*What the task requires*:
Print exactly the lines below between the line holding "imports Defs" and the line holding "J \<Longrightarrow> fst", inclusive, and nothing more.

(Dataset records Opens)

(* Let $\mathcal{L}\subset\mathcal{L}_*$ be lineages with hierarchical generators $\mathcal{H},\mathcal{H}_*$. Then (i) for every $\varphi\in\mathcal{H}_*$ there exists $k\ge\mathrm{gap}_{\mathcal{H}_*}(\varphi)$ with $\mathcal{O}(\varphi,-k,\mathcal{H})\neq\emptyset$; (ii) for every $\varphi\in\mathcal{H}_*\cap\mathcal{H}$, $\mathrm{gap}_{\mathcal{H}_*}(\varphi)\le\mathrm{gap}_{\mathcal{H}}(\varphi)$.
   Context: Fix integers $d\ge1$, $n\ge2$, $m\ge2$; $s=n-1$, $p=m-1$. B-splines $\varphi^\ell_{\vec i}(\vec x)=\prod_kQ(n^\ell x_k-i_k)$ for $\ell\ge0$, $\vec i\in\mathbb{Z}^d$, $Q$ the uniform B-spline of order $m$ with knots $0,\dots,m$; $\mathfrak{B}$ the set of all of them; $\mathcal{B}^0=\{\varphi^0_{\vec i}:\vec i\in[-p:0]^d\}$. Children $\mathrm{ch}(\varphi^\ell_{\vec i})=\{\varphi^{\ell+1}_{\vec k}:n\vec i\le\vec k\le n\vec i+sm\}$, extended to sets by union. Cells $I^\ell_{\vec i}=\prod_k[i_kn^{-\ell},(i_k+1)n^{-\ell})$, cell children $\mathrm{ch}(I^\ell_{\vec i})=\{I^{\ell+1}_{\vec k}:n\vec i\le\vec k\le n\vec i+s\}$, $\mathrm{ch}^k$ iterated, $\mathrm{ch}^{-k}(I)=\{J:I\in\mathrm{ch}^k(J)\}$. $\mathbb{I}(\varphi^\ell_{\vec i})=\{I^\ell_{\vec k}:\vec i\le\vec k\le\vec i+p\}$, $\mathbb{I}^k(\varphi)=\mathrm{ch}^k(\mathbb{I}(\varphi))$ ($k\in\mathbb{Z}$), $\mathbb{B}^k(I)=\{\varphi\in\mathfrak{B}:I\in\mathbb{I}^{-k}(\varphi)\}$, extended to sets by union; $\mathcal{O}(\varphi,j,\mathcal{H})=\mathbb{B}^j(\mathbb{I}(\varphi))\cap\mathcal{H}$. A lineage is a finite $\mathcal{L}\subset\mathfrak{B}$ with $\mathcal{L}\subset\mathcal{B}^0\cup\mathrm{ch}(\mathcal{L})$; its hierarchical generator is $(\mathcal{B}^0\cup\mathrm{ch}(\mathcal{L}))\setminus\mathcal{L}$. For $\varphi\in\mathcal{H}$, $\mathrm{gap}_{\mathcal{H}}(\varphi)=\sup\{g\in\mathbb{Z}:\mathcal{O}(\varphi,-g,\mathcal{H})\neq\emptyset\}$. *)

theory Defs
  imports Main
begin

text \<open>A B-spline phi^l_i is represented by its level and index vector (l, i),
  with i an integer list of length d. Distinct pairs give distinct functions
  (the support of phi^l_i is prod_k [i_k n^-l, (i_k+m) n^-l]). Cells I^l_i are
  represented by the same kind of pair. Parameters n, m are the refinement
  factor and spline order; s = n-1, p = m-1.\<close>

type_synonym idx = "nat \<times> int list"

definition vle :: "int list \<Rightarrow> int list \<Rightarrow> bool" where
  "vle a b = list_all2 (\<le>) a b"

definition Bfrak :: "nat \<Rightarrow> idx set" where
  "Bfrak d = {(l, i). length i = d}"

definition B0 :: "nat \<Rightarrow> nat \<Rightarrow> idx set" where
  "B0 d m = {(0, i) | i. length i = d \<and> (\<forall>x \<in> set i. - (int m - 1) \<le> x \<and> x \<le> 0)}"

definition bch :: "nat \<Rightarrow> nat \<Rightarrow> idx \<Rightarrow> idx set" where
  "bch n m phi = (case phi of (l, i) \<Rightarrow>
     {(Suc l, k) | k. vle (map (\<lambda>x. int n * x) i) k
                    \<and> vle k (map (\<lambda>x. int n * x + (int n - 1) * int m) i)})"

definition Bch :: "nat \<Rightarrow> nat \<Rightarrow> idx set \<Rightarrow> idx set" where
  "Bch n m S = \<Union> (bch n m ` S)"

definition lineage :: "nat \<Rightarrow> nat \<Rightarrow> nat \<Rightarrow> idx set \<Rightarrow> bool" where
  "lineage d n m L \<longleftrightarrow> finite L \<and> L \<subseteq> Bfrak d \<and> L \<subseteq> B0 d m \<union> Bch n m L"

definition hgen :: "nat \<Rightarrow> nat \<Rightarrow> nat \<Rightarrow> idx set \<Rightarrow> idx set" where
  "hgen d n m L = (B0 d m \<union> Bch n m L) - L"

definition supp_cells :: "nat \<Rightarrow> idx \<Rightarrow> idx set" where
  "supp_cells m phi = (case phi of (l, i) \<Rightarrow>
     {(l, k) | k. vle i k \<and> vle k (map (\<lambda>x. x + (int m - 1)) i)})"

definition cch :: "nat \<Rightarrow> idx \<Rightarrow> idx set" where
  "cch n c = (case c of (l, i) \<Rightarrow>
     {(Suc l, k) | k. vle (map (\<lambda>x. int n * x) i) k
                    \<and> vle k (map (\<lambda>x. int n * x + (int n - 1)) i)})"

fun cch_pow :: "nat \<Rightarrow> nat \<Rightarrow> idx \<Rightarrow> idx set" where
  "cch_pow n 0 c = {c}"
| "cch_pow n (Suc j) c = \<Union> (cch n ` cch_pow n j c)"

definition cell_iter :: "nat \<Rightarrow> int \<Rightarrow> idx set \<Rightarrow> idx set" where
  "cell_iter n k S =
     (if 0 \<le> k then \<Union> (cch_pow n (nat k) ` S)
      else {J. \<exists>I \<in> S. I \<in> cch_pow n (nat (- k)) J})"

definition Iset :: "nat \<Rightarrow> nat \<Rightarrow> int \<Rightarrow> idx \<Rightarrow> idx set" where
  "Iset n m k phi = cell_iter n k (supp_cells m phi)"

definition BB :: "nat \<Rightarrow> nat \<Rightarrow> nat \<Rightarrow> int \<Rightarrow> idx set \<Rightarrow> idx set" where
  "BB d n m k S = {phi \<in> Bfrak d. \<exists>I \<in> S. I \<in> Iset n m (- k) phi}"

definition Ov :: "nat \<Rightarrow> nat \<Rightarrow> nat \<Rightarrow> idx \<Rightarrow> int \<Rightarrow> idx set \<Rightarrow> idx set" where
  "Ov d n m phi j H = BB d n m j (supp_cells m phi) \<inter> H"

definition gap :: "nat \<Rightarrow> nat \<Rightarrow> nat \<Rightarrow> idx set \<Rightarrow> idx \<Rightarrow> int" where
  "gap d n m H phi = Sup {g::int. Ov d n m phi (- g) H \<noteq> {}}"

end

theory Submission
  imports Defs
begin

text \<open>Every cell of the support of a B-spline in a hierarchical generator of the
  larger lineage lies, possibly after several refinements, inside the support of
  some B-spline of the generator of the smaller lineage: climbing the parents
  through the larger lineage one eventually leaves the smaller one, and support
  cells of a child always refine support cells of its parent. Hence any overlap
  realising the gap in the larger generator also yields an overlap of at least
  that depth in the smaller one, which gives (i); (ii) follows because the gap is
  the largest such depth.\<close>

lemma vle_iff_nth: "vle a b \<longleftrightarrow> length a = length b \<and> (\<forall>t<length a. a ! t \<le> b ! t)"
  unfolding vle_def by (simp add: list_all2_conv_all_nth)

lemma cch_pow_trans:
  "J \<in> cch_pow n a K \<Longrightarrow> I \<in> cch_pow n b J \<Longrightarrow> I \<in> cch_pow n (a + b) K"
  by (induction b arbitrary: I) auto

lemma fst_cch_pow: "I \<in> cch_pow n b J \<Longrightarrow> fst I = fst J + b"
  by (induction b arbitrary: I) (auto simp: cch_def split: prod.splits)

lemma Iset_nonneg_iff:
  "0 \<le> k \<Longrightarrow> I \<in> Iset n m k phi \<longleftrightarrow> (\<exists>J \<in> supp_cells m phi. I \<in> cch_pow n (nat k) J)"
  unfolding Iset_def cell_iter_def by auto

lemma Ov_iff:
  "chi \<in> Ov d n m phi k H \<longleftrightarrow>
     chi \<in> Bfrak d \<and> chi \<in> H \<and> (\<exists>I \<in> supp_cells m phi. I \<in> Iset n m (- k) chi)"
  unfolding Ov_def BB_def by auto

(Dataset records Closes)

*Exercise output*:
  imports Defs
begin

text \<open>Every cell of the support of a B-spline in a hierarchical generator of the
  larger lineage lies, possibly after several refinements, inside the support of
  some B-spline of the generator of the smaller lineage: climbing the parents
  through the larger lineage one eventually leaves the smaller one, and support
  cells of a child always refine support cells of its parent. Hence any overlap
  realising the gap in the larger generator also yields an overlap of at least
  that depth in the smaller one, which gives (i); (ii) follows because the gap is
  the largest such depth.\<close>

lemma vle_iff_nth: "vle a b \<longleftrightarrow> length a = length b \<and> (\<forall>t<length a. a ! t \<le> b ! t)"
  unfolding vle_def by (simp add: list_all2_conv_all_nth)

lemma cch_pow_trans:
  "J \<in> cch_pow n a K \<Longrightarrow> I \<in> cch_pow n b J \<Longrightarrow> I \<in> cch_pow n (a + b) K"
  by (induction b arbitrary: I) auto

lemma fst_cch_pow: "I \<in> cch_pow n b J \<Longrightarrow> fst I = fst J + b"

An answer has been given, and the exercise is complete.